Task directions ::
Look through the entries below. Report each line that has the word "step" in it.

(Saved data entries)

———

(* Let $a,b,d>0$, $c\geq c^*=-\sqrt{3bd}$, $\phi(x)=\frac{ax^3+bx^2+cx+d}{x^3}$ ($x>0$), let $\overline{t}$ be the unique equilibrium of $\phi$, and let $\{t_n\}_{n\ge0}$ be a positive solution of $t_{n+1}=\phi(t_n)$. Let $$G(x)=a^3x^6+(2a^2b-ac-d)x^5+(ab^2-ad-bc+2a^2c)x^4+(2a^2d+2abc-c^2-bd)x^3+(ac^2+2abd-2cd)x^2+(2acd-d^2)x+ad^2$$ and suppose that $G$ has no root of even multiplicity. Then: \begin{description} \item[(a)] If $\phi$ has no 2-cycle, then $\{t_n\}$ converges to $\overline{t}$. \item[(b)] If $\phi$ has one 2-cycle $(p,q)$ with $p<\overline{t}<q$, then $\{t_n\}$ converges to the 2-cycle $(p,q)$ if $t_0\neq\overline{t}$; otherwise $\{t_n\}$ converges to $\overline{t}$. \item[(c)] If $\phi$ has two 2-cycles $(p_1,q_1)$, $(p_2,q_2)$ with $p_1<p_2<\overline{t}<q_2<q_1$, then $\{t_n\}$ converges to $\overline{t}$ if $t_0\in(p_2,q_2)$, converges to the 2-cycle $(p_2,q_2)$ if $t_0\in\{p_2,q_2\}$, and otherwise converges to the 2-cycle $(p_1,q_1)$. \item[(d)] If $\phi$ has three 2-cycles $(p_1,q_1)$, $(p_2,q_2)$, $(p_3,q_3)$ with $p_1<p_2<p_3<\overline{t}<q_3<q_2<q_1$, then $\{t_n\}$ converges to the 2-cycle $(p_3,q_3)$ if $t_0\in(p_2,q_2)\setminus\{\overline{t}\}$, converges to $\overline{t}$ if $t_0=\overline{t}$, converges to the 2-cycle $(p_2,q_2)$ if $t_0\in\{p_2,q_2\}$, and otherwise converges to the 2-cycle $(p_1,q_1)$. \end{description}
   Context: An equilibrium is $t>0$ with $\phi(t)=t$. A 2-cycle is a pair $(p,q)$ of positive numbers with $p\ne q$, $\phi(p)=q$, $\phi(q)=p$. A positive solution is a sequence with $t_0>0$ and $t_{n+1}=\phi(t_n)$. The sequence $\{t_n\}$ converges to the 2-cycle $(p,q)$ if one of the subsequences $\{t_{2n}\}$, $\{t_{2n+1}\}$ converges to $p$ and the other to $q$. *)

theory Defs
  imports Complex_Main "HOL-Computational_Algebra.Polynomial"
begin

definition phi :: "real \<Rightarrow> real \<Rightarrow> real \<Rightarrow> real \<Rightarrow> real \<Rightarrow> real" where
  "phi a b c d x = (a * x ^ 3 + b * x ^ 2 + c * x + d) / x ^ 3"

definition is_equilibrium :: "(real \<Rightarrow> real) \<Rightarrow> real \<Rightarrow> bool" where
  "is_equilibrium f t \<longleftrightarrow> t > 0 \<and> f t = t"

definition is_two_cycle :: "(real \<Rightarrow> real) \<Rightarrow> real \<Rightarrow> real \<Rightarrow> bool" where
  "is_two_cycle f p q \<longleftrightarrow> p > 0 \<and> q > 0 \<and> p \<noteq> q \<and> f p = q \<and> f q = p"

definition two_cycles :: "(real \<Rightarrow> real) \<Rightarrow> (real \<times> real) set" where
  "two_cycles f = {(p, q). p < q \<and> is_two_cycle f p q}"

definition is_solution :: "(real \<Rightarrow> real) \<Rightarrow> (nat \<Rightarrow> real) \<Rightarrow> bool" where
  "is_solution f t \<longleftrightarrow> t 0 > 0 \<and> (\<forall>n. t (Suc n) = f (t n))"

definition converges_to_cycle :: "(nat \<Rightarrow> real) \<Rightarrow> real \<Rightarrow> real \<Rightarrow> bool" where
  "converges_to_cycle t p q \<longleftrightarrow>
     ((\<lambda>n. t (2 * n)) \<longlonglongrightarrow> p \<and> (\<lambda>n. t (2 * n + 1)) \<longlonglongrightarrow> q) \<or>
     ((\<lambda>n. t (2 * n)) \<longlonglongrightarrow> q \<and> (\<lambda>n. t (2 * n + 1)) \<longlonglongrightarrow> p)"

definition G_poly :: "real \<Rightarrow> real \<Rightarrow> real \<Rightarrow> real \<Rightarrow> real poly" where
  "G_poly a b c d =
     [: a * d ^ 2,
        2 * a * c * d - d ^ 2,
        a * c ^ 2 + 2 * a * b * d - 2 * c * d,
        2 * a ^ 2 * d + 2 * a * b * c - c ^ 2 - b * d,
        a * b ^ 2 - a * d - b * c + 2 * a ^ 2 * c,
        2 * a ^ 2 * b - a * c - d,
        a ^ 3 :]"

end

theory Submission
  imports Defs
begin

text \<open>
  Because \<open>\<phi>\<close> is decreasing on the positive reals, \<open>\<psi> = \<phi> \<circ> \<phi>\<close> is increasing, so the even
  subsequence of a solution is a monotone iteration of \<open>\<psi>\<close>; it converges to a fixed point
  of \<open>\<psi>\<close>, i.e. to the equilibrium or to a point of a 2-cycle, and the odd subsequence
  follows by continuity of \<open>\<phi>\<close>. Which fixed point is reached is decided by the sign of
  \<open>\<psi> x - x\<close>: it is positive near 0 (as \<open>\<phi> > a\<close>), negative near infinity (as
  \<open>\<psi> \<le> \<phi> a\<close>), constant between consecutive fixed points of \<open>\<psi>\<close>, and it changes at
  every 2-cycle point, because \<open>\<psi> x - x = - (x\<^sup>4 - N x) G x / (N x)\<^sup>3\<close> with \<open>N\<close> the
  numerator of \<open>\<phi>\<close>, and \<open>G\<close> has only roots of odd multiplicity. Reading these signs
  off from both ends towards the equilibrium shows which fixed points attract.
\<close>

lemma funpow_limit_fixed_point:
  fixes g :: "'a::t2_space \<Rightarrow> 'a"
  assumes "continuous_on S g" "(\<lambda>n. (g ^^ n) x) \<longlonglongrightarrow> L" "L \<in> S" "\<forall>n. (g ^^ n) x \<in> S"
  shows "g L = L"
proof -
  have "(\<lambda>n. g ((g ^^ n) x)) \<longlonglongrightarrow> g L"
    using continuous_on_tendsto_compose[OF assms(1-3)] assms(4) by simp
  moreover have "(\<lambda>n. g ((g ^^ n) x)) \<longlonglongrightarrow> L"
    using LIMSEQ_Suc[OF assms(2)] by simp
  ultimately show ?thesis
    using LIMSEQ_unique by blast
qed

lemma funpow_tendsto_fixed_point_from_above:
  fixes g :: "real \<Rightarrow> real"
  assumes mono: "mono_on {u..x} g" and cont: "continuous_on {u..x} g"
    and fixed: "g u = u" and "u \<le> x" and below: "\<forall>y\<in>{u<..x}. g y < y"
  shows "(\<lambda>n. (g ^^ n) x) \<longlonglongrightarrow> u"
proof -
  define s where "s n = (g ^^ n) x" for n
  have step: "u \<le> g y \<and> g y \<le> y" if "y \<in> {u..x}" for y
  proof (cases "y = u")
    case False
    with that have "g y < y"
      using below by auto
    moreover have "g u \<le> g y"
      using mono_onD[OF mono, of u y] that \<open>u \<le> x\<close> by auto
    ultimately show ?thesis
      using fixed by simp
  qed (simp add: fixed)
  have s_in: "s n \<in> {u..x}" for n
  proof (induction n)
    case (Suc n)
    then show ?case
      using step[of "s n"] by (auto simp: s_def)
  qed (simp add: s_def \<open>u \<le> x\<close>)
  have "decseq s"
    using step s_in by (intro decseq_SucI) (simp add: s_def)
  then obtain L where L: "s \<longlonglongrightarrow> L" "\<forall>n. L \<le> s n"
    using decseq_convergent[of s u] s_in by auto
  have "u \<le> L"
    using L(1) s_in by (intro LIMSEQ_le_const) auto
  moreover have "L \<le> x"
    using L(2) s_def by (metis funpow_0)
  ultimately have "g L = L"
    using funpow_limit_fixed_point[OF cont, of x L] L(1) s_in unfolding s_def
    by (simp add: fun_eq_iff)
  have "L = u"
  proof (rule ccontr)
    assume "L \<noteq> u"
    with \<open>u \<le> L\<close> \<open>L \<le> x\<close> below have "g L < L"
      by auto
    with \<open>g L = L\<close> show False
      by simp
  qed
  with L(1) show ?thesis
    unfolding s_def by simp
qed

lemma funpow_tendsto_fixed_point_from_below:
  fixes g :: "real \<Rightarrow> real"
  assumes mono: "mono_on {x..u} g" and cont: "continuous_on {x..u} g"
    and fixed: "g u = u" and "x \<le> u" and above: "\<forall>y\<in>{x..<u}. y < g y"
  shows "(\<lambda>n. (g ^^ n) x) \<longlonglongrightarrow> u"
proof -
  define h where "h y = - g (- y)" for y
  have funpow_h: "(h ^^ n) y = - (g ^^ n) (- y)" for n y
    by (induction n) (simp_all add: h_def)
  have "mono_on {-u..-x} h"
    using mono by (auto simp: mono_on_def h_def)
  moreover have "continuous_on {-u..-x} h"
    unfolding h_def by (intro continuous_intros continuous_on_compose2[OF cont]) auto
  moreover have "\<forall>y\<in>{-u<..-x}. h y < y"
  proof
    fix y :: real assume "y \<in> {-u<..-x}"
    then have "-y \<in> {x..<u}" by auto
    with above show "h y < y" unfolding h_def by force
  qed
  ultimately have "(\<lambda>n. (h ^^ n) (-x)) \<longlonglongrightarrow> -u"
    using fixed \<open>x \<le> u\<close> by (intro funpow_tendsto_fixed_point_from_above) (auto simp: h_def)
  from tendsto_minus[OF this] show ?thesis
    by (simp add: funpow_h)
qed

———

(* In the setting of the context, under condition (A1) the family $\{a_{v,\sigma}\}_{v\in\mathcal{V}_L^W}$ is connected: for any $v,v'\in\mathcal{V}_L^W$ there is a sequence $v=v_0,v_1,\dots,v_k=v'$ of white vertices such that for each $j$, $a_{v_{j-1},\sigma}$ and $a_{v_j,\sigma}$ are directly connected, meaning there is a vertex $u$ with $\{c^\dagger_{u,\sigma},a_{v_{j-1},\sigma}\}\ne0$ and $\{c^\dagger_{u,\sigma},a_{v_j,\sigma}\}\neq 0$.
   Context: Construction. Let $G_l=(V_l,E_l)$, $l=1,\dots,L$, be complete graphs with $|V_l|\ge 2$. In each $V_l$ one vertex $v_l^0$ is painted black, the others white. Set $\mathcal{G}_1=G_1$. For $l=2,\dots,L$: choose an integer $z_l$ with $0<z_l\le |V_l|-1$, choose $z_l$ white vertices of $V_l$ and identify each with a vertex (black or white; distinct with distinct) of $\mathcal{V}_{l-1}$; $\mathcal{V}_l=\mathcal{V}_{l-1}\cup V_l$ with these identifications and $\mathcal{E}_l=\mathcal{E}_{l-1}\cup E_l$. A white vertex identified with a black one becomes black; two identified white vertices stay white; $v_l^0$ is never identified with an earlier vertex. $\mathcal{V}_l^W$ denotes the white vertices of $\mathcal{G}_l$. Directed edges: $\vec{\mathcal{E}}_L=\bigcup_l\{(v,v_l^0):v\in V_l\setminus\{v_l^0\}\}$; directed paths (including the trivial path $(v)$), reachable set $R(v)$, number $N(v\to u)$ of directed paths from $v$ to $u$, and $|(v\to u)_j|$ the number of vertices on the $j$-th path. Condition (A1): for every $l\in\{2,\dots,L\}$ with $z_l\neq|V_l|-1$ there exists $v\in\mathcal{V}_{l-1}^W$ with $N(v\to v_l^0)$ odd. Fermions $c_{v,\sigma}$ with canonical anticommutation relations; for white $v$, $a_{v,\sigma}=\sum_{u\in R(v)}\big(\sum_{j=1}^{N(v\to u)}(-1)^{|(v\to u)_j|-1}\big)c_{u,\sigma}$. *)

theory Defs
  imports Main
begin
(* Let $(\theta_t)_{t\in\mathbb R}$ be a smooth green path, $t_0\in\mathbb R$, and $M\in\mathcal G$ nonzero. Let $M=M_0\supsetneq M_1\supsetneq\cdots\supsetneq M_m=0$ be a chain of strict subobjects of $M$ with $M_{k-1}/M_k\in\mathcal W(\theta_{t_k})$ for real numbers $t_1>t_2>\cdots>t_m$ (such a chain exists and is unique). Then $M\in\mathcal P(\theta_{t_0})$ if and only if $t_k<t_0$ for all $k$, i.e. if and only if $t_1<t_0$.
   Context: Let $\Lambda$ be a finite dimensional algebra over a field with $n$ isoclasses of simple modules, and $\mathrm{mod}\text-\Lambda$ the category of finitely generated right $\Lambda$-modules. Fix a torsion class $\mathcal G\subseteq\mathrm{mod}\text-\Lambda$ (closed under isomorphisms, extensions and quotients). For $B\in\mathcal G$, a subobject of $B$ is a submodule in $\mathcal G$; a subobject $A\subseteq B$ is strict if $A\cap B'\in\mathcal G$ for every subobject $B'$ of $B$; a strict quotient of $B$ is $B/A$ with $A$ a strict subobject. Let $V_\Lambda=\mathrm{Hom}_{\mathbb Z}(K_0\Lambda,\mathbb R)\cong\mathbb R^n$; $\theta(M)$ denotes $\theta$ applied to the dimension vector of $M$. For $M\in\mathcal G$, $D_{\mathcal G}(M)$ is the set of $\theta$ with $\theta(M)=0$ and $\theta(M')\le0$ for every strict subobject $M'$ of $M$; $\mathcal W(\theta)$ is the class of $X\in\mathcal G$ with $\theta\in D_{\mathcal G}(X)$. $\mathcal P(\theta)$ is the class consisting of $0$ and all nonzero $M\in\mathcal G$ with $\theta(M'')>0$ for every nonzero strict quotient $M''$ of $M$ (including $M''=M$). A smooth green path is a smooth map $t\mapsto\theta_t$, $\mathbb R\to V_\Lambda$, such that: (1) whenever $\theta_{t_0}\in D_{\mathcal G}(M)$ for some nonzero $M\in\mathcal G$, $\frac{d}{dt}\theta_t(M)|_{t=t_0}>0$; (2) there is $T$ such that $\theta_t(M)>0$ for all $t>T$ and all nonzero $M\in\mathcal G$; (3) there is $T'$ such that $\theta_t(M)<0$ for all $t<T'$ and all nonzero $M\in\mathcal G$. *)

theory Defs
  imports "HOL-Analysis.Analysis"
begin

———

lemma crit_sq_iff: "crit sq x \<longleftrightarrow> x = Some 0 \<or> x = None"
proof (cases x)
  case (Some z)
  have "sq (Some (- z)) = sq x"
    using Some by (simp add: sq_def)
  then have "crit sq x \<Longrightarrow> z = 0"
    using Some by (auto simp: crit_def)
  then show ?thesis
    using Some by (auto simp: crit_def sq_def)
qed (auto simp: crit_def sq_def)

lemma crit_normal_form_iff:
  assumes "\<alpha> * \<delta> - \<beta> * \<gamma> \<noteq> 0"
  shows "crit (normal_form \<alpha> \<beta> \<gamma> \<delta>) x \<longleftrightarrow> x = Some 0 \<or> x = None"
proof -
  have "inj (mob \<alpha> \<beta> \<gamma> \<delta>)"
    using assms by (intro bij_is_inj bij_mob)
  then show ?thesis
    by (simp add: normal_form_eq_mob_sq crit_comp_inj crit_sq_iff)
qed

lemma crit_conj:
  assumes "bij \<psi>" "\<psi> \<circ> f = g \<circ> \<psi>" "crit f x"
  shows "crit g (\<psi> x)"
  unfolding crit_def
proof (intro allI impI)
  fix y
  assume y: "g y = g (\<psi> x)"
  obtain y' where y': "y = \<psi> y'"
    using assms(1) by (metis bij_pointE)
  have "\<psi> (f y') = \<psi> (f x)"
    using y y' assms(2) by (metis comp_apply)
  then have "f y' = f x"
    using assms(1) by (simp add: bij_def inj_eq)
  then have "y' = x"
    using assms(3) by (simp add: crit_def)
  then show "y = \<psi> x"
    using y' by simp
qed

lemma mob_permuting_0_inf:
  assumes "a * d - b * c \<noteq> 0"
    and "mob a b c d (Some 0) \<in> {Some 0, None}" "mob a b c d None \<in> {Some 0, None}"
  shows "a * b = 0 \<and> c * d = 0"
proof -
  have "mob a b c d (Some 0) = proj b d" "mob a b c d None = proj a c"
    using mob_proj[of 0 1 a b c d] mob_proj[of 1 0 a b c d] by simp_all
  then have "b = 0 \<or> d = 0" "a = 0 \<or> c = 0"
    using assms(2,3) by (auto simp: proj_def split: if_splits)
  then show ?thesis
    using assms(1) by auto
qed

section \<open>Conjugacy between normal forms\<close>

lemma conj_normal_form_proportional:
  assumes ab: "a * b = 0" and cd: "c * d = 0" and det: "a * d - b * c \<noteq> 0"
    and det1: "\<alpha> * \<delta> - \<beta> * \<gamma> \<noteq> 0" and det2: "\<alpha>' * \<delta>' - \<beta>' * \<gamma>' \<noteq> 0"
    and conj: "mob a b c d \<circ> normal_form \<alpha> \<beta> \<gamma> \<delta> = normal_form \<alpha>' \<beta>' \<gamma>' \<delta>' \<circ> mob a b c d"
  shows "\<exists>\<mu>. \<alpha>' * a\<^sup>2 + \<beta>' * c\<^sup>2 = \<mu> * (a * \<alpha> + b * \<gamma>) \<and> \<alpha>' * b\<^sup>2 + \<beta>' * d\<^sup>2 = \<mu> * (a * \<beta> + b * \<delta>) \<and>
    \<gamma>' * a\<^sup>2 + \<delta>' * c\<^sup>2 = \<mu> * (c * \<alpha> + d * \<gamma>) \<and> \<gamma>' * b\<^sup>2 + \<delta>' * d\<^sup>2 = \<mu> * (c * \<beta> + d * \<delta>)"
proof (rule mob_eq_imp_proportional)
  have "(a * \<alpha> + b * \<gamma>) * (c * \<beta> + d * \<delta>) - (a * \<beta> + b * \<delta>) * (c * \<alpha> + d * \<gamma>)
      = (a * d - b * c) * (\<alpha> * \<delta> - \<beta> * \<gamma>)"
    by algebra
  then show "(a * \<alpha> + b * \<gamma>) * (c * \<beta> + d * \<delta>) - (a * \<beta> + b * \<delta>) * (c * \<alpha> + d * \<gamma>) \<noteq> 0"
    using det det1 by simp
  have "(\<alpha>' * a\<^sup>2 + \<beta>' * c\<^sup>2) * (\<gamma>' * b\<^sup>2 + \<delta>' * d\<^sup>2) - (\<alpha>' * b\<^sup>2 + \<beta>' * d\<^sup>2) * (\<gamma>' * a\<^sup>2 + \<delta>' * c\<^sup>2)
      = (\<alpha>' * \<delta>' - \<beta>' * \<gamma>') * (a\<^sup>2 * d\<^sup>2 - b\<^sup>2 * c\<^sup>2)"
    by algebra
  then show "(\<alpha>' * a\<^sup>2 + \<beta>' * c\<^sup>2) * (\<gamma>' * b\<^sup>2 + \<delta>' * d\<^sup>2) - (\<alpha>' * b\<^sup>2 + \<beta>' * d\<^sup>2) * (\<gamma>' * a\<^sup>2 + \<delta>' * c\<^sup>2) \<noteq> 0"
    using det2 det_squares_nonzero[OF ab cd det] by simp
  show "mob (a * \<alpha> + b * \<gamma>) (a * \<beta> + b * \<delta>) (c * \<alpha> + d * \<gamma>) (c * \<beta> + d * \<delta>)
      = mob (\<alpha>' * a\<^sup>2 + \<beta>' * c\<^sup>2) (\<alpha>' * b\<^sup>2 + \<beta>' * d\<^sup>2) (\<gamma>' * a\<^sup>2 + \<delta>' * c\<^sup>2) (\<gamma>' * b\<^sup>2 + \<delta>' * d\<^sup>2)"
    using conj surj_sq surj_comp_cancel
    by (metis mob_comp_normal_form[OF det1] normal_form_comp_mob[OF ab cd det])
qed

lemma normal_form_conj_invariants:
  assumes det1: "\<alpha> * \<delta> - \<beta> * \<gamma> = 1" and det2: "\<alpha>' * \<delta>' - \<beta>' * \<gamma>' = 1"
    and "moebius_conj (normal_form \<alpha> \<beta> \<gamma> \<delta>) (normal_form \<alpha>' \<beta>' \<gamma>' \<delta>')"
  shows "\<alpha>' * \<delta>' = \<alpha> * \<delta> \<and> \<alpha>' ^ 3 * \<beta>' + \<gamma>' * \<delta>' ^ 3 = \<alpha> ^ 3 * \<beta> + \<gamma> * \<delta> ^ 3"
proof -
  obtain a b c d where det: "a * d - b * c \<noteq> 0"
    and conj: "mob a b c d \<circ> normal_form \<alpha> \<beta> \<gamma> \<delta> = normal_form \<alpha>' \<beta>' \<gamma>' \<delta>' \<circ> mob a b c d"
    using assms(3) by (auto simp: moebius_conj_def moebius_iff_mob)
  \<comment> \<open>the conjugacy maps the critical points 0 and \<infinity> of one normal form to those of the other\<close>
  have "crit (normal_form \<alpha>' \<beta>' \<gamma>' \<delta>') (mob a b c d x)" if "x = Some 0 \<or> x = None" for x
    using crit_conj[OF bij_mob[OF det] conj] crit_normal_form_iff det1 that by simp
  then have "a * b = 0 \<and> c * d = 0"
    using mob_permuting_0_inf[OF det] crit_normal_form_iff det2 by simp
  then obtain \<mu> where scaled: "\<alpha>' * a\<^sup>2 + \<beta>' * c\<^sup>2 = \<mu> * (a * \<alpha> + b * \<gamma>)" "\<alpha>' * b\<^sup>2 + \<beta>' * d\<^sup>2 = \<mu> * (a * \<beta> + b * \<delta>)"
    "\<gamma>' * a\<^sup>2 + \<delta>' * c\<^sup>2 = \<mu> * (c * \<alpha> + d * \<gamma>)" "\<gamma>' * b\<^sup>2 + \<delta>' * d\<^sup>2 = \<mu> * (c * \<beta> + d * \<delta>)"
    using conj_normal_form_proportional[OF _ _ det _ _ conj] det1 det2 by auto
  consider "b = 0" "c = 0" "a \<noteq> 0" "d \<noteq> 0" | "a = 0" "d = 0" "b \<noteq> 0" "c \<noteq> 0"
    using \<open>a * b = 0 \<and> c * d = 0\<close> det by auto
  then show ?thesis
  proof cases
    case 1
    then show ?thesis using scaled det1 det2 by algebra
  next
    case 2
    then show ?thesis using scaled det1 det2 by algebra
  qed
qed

———

Answer to this task ::
  have step: "u \<le> g y \<and> g y \<le> y" if "y \<in> {u..x}" for y
      using step[of "s n"] by (auto simp: s_def)
    using step s_in by (intro decseq_SucI) (simp add: s_def)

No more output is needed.